I'm sorry - there's nothing noble or romantic about what you're doing. IMO, you're incapable of achieving true emotional intimacy with another person, so you've subconsciously chosen a partner who is incapable of providing it. Problem is, you don't accept that you can't have an emotionally intimate relationship, so you're consciously pursuing all the trappings of an intimate relationship - with a woman who can't give you what you consciously desire. If only you could make yourself not want an emotionally intimate relationship - but you can't. Because the overwhelming majority of people on this planet are not built to go through life alone. Your best option is to do the work to make yourself capable of achieving intimacy, and then choose a healthy partner. Unfortunately, I think you're going to have to go through absolute agony before you're ready to do that. Good luck.
_________________
What you feel is what you are and what you are is beautiful...
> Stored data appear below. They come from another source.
lemma qrs_roots_obtuse_add:
  fixes \<Delta> J :: "'a::euclidean_space set"
  assumes rs: "root_system \<Delta>" and "J \<subseteq> \<Delta>"
    and x: "x \<in> qrs_roots \<Delta> J" and y: "y \<in> qrs_roots \<Delta> J"
    and "x \<noteq> - y" and obtuse: "x \<bullet> y < 0"
  shows "x + y \<in> qrs_roots \<Delta> J"
proof -
  obtain x' y' where x': "x' \<in> \<Delta>" "qproj J x' = x" and y': "y' \<in> \<Delta>" "qproj J y' = y"
    using x y unfolding qrs_roots_def by blast
  define F where "F = {z \<in> \<Delta>. qproj J z = y}"
  define p where "p = x' - x"
  have p_span: "p \<in> span J"
    using diff_qproj_in_span x'(2) unfolding p_def by blast
  have "finite F" "y' \<in> F"
    using rs y' unfolding root_system_def F_def by auto
  moreover have "(\<Sum>z\<in>F. p \<bullet> (z - y)) = 0"
    using sum_qproj_fiber_eq_0[OF rs \<open>J \<subseteq> \<Delta>\<close>]
    unfolding F_def by (simp add: inner_sum_right[symmetric])
  ultimately obtain z where z: "z \<in> F" "p \<bullet> (z - y) \<le> 0"
    using sum_pos[of F "\<lambda>z. p \<bullet> (z - y)"] by (metis empty_iff less_irrefl not_le)
  have "x \<bullet> (z - y) = 0"
    using qproj_inner_span diff_qproj_in_span z(1) x'(2) unfolding F_def by fastforce
  moreover have "p \<bullet> y = 0"
    using qproj_inner_span[OF p_span, of y'] y'(2) by (simp add: inner_commute)
  moreover have "x' \<bullet> z = x \<bullet> y + x \<bullet> (z - y) + p \<bullet> y + p \<bullet> (z - y)"
    unfolding p_def by (simp add: algebra_simps)
  ultimately have "x' \<bullet> z < 0"
    using obtuse z(2) by linarith
  have qz: "qproj J z = y" "z \<in> \<Delta>"
    using z(1) unfolding F_def by auto
  have "x' \<noteq> - z"
    using \<open>x \<noteq> - y\<close> x'(2) qz linear_neg[OF linear_qproj[of J]] by force
  then have "x' + z \<in> \<Delta>"
    using root_system_obtuse_add[OF rs x'(1) qz(2)] \<open>x' \<bullet> z < 0\<close> by blast
  moreover have "qproj J (x' + z) = x + y"
    using linear_add[OF linear_qproj[of J]] x'(2) qz(1) by simp
  moreover have "x + y \<noteq> 0"
    using \<open>x \<noteq> - y\<close> by (simp add: eq_neg_iff_add_eq_0)
  ultimately show ?thesis
    unfolding qrs_roots_def by (metis DiffI image_eqI singletonD)
qed

lemma qrs_roots_uminus:
  fixes \<Delta> J :: "'a::euclidean_space set"
  assumes "root_system \<Delta>" and "x \<in> qrs_roots \<Delta> J"
  shows "- x \<in> qrs_roots \<Delta> J"
proof -
  obtain b where "b \<in> \<Delta>" "x = qproj J b" "x \<noteq> 0"
    using assms(2) unfolding qrs_roots_def by blast
  moreover have "qproj J (- b) = - qproj J b"
    using linear_neg[OF linear_qproj] by blast
  ultimately show ?thesis
    using root_system_uminus[OF assms(1)] unfolding qrs_roots_def by force
qed

lemma qrs_base_nonneg_int_comb:
  fixes \<Sigma> J :: "'a::euclidean_space set"
  assumes "finite \<Sigma>" and "nonneg_int_comb \<Sigma> v"
  shows "nonneg_int_comb (qrs_base \<Sigma> J) (qproj J v)"
proof (rule nonneg_int_comb_mono)
  show "finite (qrs_base \<Sigma> J)"
    unfolding qrs_base_def using assms(1) by simp
  show "nonneg_int_comb (qproj J ` \<Sigma> - {0}) (qproj J v)"
    using assms by (intro nonneg_int_comb_remove_zero nonneg_int_comb_linear_image linear_qproj) auto
  show "qproj J ` \<Sigma> - {0} \<subseteq> qrs_base \<Sigma> J"
  proof
    fix u
    assume "u \<in> qproj J ` \<Sigma> - {0}"
    then obtain s where "s \<in> \<Sigma>" "u = qproj J s" "u \<noteq> 0"
      by blast
    moreover have "s \<notin> J"
      using calculation qproj_span_eq_0[OF span_base] by blast
    ultimately show "u \<in> qrs_base \<Sigma> J"
      unfolding qrs_base_def by blast
  qed
qed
hi, please don't worry too much! I too have AS. This guy and I fell for each other because of intellectual interests. He has great emotional needs although he is nerdy. I'm rather frigid but he's been patient with me so far. He confides his emotions in me (but not his feelings for me directly, though he has hinted) and that is a compromise. It's common for AS women to be frigid but it does not mean they have no feelings. They do, but do not understand feelings well. I think it is possible that your girlfriend is mentally and emotionally attracted to you but not physically. On the brighter side at least the relationship is not based wholly on physical attraction, which can be disastrous. Over time perhaps she'll open up to you. I dislike being touched by people but after a long time I like being hugged by my close friends.